Mit Verve Richtung Industrie 4.0

Festo geht in die Wachstumsoffensive

11.03.2015
Von 
Karin Quack arbeitet als freie Autorin und Editorial Consultant vor allem zu IT-strategischen und Innovations-Themen. Zuvor war sie viele Jahre lang in leitender redaktioneller Position bei der COMPUTERWOCHE tätig.

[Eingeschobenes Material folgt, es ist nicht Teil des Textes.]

lemma span_insert_dsum_space_first:
  assumes "subsp n1 A" "subsp n2 B" "x \<in> Fn n1"
  shows "fv.span (insert x (dsum_space n1 n2 A B)) = dsum_space n1 n2 (fv.span (insert x A)) B"
proof -
  have "fv.span (insert x (dsum_space n1 n2 A B)) = fv.span (insert x (A \<union> shift n1 ` B))"
    using dsum_space_span[of A n1 B n2] assms(1,2) fv.span_insert_span
    by (simp add: subsp_iff fv.span_eq_iff[THEN iffD2])
  also have "\<dots> = dsum_space n1 n2 (fv.span (insert x A)) (fv.span B)"
    using dsum_space_span[of "insert x A" n1 B n2] assms by (simp add: subsp_iff)
  finally show ?thesis
    using assms(2) by (simp add: subsp_iff fv.span_eq_iff[THEN iffD2])
qed

lemma span_insert_dsum_space_second:
  assumes "subsp n1 A" "subsp n2 B" "y \<in> Fn n2"
  shows "fv.span (insert (shift n1 y) (dsum_space n1 n2 A B)) =
    dsum_space n1 n2 A (fv.span (insert y B))"
proof -
  have "fv.span (insert (shift n1 y) (dsum_space n1 n2 A B)) = fv.span (A \<union> shift n1 ` insert y B)"
    using dsum_space_span[of A n1 B n2] assms(1,2) fv.span_insert_span
    by (simp add: subsp_iff fv.span_eq_iff[THEN iffD2])
  also have "\<dots> = dsum_space n1 n2 (fv.span A) (fv.span (insert y B))"
    using dsum_space_span[of A n1 "insert y B" n2] assms by (simp add: subsp_iff)
  finally show ?thesis
    using assms(1) by (simp add: subsp_iff fv.span_eq_iff[THEN iffD2])
qed

lemma qflatD: "qflat n rho F \<Longrightarrow> x \<in> Fn n \<Longrightarrow> x \<notin> F \<Longrightarrow> rho F < rho (fv.span (insert x F))"
  by (simp add: qflat_def fspan_eq)
(* Let $\mathbf s=(s_i)_{i=0}^{n-1}$ define the $n\times n$ Vandermonde matrix $V=V_{\mathbf s}=(s_i^j)_{i,j=0}^{n-1}$. Write $s_+=\max_{i}|s_i|$ and $\bar\epsilon=(s_++1)\epsilon$, where $\log(1/\epsilon)=O(\log n)$, and let $\rho=O(\log(n/\epsilon))$. Then $\alpha_{\bar\epsilon}(V)+\alpha_{\bar\epsilon}(V^T)=O(n\rho\log n)$ and $\beta_{\bar\epsilon}(V)+\beta_{\bar\epsilon}(V^T)=O(n\rho^2\log n)$.
   Context: For a matrix $M$, $|M|=\max_{i,j}|m_{i,j}|$. $\alpha(M)$ (resp. $\beta(M)$) denotes the arithmetic cost (number of flops) of computing $M\mathbf u$ (resp. $M^{-1}\mathbf u$), maximized over all unit vectors $\mathbf u$ and minimized over all algorithms; $\alpha_\epsilon(M)=\min_{|E|\le\epsilon}\alpha(M+E)$ and $\beta_\epsilon(M)=\min_{|E|\le\epsilon}\beta(M+E)$. *)

theory Defs
  imports Complex_Main "HOL-Library.Landau_Symbols" "HOL-Library.Extended_Nat"
begin

text \<open>An operand is an input coordinate, a (free) constant, or the result of an
earlier instruction. Each instruction is one flop.\<close>

datatype operand = Inp nat | Cst complex | Reg nat

datatype instr =
    Add operand operand
  | Sub operand operand
  | Mul operand operand
  | Dvd operand operand

type_synonym slp = "instr list \<times> operand list"

fun eval_operand :: "(nat \<Rightarrow> complex) \<Rightarrow> complex list \<Rightarrow> operand \<Rightarrow> complex" where
  "eval_operand u rs (Inp i) = u i"
| "eval_operand u rs (Cst c) = c"
| "eval_operand u rs (Reg j) = rs ! j"

fun eval_instr :: "(nat \<Rightarrow> complex) \<Rightarrow> complex list \<Rightarrow> instr \<Rightarrow> complex" where
  "eval_instr u rs (Add a b) = eval_operand u rs a + eval_operand u rs b"
| "eval_instr u rs (Sub a b) = eval_operand u rs a - eval_operand u rs b"
| "eval_instr u rs (Mul a b) = eval_operand u rs a * eval_operand u rs b"
| "eval_instr u rs (Dvd a b) = eval_operand u rs a / eval_operand u rs b"

definition run :: "(nat \<Rightarrow> complex) \<Rightarrow> instr list \<Rightarrow> complex list" where
  "run u is = foldl (\<lambda>rs ins. rs @ [eval_instr u rs ins]) [] is"

definition exec :: "slp \<Rightarrow> (nat \<Rightarrow> complex) \<Rightarrow> nat \<Rightarrow> complex" where
  "exec P u i = eval_operand u (run u (fst P)) (snd P ! i)"

definition cost :: "slp \<Rightarrow> nat" where
  "cost P = length (fst P)"

type_synonym cmat = "nat \<Rightarrow> nat \<Rightarrow> complex"

definition unit_vec :: "nat \<Rightarrow> (nat \<Rightarrow> complex) \<Rightarrow> bool" where
  "unit_vec n u \<longleftrightarrow> (\<forall>i\<ge>n. u i = 0) \<and> (\<Sum>i<n. (cmod (u i))\<^sup>2) = 1"

definition mat_vec :: "nat \<Rightarrow> cmat \<Rightarrow> (nat \<Rightarrow> complex) \<Rightarrow> nat \<Rightarrow> complex" where
  "mat_vec n M u = (\<lambda>i. \<Sum>j<n. M i j * u j)"

definition transp :: "cmat \<Rightarrow> cmat" where
  "transp M = (\<lambda>i j. M j i)"

definition is_inverse :: "nat \<Rightarrow> cmat \<Rightarrow> cmat \<Rightarrow> bool" where
  "is_inverse n M N \<longleftrightarrow>
     (\<forall>i<n. \<forall>j<n. (\<Sum>k<n. M i k * N k j) = (if i = j then 1 else 0)) \<and>
     (\<forall>i<n. \<forall>j<n. (\<Sum>k<n. N i k * M k j) = (if i = j then 1 else 0))"

definition invertible_n :: "nat \<Rightarrow> cmat \<Rightarrow> bool" where
  "invertible_n n M \<longleftrightarrow> (\<exists>N. is_inverse n M N)"

definition mat_inv :: "nat \<Rightarrow> cmat \<Rightarrow> cmat" where
  "mat_inv n M = (SOME N. is_inverse n M N)"

definition computes :: "nat \<Rightarrow> ((nat \<Rightarrow> complex) \<Rightarrow> nat \<Rightarrow> complex) \<Rightarrow> slp \<Rightarrow> bool" where
  "computes n f P \<longleftrightarrow> length (snd P) = n \<and>
     (\<forall>u. unit_vec n u \<longrightarrow> (\<forall>i<n. exec P u i = f u i))"

definition alpha :: "nat \<Rightarrow> cmat \<Rightarrow> enat" where
  "alpha n M = Inf {enat (cost P) | P. computes n (mat_vec n M) P}"

definition beta :: "nat \<Rightarrow> cmat \<Rightarrow> enat" where
  "beta n M = (if invertible_n n M
     then Inf {enat (cost P) | P. computes n (mat_vec n (mat_inv n M)) P}
     else \<infinity>)"

definition mat_add :: "cmat \<Rightarrow> cmat \<Rightarrow> cmat" where
  "mat_add M E = (\<lambda>i j. M i j + E i j)"

definition alpha_eps :: "nat \<Rightarrow> real \<Rightarrow> cmat \<Rightarrow> enat" where
  "alpha_eps n e M = Inf {alpha n (mat_add M E) | E. \<forall>i<n. \<forall>j<n. cmod (E i j) \<le> e}"

definition beta_eps :: "nat \<Rightarrow> real \<Rightarrow> cmat \<Rightarrow> enat" where
  "beta_eps n e M = Inf {beta n (mat_add M E) | E. \<forall>i<n. \<forall>j<n. cmod (E i j) \<le> e}"

definition vandermonde :: "(nat \<Rightarrow> complex) \<Rightarrow> cmat" where
  "vandermonde s = (\<lambda>i j. s i ^ j)"

definition s_plus :: "nat \<Rightarrow> (nat \<Rightarrow> complex) \<Rightarrow> real" where
  "s_plus n s = Max {cmod (s i) | i. i < n}"

end

theory Submission
  imports Defs "HOL-Library.Real_Mod" "HOL-Computational_Algebra.Polynomial"
begin
section \<open>Trees with a vertex of arity at least three\<close>

fun nonbinary :: "tree \<Rightarrow> bool" where
  "nonbinary Leaf = False"
| "nonbinary (Node ts) = (3 \<le> length ts \<or> (\<exists>t\<in>set ts. nonbinary t))"

definition Nonbinary :: "('k::field) alg set" where
  "Nonbinary = {f \<in> Alg. \<forall>t\<in>Poly_Mapping.keys f. nonbinary t}"

lemma valid_Node_nonempty: "valid (Node ts) \<Longrightarrow> ts \<noteq> []"
  by auto

lemma valid_last_hd: "valid (Node ts) \<Longrightarrow> valid (last ts) \<and> valid (hd ts)"
  by (cases ts) auto

lemma keys_graft_butlast:
  assumes "valid (Node xs)" and t: "t \<in> Poly_Mapping.keys (graft (butlast xs) g [])"
    and g: "\<And>s. s \<in> Poly_Mapping.keys g \<Longrightarrow> valid s \<and> (nonbinary (last xs) \<or> P \<longrightarrow> nonbinary s)"
  shows "valid t \<and> (nonbinary (Node xs) \<or> P \<longrightarrow> nonbinary t)"
proof -
  obtain s where s: "s \<in> Poly_Mapping.keys g" "t = Node (butlast xs @ [s])"
    using t keys_graft by fastforce
  have xs: "xs = butlast xs @ [last xs]" using valid_Node_nonempty[OF assms(1)] by simp
  then have "length (butlast xs @ [s]) = length xs" by (metis length_append_singleton)
  moreover have "set xs = insert (last xs) (set (butlast xs))" using xs
    by (metis Un_insert_right append.right_neutral list.simps(15) set_append)
  ultimately show ?thesis using assms(1) g[OF s(1)] s(2) by auto
qed

lemma keys_graft_tl:
  assumes "valid (Node ys)" and t: "t \<in> Poly_Mapping.keys (graft [] g (tl ys))"
    and g: "\<And>s. s \<in> Poly_Mapping.keys g \<Longrightarrow> valid s \<and> (P \<or> nonbinary (hd ys) \<longrightarrow> nonbinary s)"
  shows "valid t \<and> (P \<or> nonbinary (Node ys) \<longrightarrow> nonbinary t)"
proof -
  obtain s where s: "s \<in> Poly_Mapping.keys g" "t = Node (s # tl ys)"
    using t keys_graft by fastforce
  obtain y ys' where "ys = y # ys'" using assms(1) by (cases ys) auto
  then show ?thesis using assms(1) g[OF s(1)] s(2) by auto
qed

lemma keys_graft_butlast_tl:
  assumes "valid (Node xs)" "valid (Node ys)"
    and t: "t \<in> Poly_Mapping.keys (graft (butlast xs) g (tl ys))"
    and g: "\<And>s. s \<in> Poly_Mapping.keys g \<Longrightarrow> valid s"
  shows "valid t \<and> nonbinary t"
proof -
  obtain s where s: "s \<in> Poly_Mapping.keys g" "t = Node (butlast xs @ [s] @ tl ys)"
    using t keys_graft by blast
  obtain y ys' where "ys = y # ys'" using assms(2) by (cases ys) auto
  then show ?thesis using assms(1,2) g[OF s(1)] s(2) by (auto dest: in_set_butlastD)
qed

definition keeps_nonbinary :: "(tree \<Rightarrow> tree \<Rightarrow> ('k::field) alg) \<Rightarrow> bool" where
  "keeps_nonbinary op \<longleftrightarrow> (\<forall>a b t. valid a \<longrightarrow> valid b \<longrightarrow> t \<in> Poly_Mapping.keys (op a b) \<longrightarrow>
     valid t \<and> (nonbinary a \<or> nonbinary b \<longrightarrow> nonbinary t))"

lemma keeps_nonbinaryD:
  "keeps_nonbinary op \<Longrightarrow> valid a \<Longrightarrow> valid b \<Longrightarrow> t \<in> Poly_Mapping.keys (op a b) \<Longrightarrow>
   valid t \<and> (nonbinary a \<or> nonbinary b \<longrightarrow> nonbinary t)"
  unfolding keeps_nonbinary_def by blast

lemma keeps_nonbinary_star0: "keeps_nonbinary star0"
  unfolding keeps_nonbinary_def
proof (intro allI impI)
  fix a b t
  show "valid a \<Longrightarrow> valid b \<Longrightarrow> t \<in> Poly_Mapping.keys (star0 a b :: ('k::field) alg) \<Longrightarrow>
    valid t \<and> (nonbinary a \<or> nonbinary b \<longrightarrow> nonbinary t)"
  proof (induction a b arbitrary: t rule: star0.induct)
    case (3 xs ys)
    have ne: "xs \<noteq> []" "ys \<noteq> []" and vl: "valid (last xs)" and vh: "valid (hd ys)"
      using "3.prems"(1,2) valid_last_hd by auto
    from "3.prems"(3) ne consider
        "t \<in> Poly_Mapping.keys (graft (butlast xs) (star0 (last xs) (Node ys) :: 'k alg) [])"
      | "t \<in> Poly_Mapping.keys (graft (butlast xs) (star0 (last xs) (hd ys) :: 'k alg) (tl ys))"
      | "t \<in> Poly_Mapping.keys (graft [] (star0 (Node xs) (hd ys) :: 'k alg) (tl ys))"
      by (auto dest: keys_add3)
    then show ?case
    proof cases
      case 1
      then show ?thesis using keys_graft_butlast "3.IH"(1) ne vl "3.prems" by blast
    next
      case 2
      then show ?thesis using keys_graft_butlast_tl "3.IH"(2) ne vl vh "3.prems" by blast
    next
      case 3
      then show ?thesis using keys_graft_tl "3.IH"(3) ne vh "3.prems" by blast
    qed
  qed simp_all
qed

lemmas keys_star0D = keeps_nonbinaryD[OF keeps_nonbinary_star0]

lemma keeps_nonbinary_prec0: "keeps_nonbinary prec0"
  unfolding keeps_nonbinary_def
proof (intro allI impI)
  fix a b t assume va: "valid a" and vb: "valid b" and t: "t \<in> Poly_Mapping.keys (prec0 a b :: ('k::field) alg)"
  show "valid t \<and> (nonbinary a \<or> nonbinary b \<longrightarrow> nonbinary t)"
  proof (cases "a = Leaf \<or> b = Leaf")
    case True
    then show ?thesis using va t by (cases a) auto
  next
    case False
    then obtain xs ys where ab: "a = Node xs" "b = Node ys" by (cases a; cases b) auto
    have vl: "valid (last xs)" using va ab valid_last_hd by blast
    show ?thesis using t unfolding ab prec0.simps
      by (rule keys_graft_butlast[OF va[unfolded ab]])
        (use keys_star0D[OF vl vb[unfolded ab]] in blast)
  qed
qed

Fünf Fragen zum Thema Industrie 4.0 an den Festo-CIO Roger Kehl

Foto: Festo

Seit Anfang 2014 ist Roger Kehl CIO und Member of the Executive Committee der Festo AG.Zuvor hatte der Diplomkaufmann und promovierte Politologe Posi-tionen bei renommierten Beratungsunternehmen inne. Zuletzt war er Mitglied des deutschen Management Board von Atos IT Solutions and Services, zuvor Managing Director bei Siemens IT Solutions & Services.Erfahrungen im produzierenden Gewerbe sammelte Kehl bei unterschiedlichen Arbeitgebern, so als Global Head Automotive Industry bei Siemens (SIS).

CW: Was unterscheidet Industrie 4.0 von der computerintegrierten Fertigung (CIM)?

Roger Kehl: Industrie 4.0 ist weit mehr. Sie betrifft die interne Vernetzung des Shop Floor; vollautomatisierte Bearbeitungszentren produzieren selbständig in mehreren Arbeitsschritten halbfertige oder fertige Produkte. Im Extremfall sind sie mit mehreren Hundert IP-Adressen ausgestattet. Damit verbunden ist eine Umkehrung der Produktionssteuerung - von zentral zu dezentral. Zudem geht es bei Industrie 4.0 letztlich nicht nur um Produktivitätssteigerung, sondern um die Entwicklung neuer Geschäftsmodelle und Dienstleistungen.

CW: Inwiefern ist Industrie 4.0 ein Wettbewerbsvorteil für die deutsche Industrie?

Roger Kehl: Der Trend geht zur komplexen, kundenspezifischen Produktion. Hinzu kommt: Die Märkte werden volatiler, Schwankungen in der Auftragsmenge nehmen zu. Beides erfordert eine hohe Flexibilität der industriellen Fertigung. Effizient, flexibel und termingerecht auf Kundenanforderungen reagieren zu können wird zum Erfolgsfaktor. Industrie 4.0 liefert höhere Qualität bei schnellerer Taktung und besserer Verfügbarkeit.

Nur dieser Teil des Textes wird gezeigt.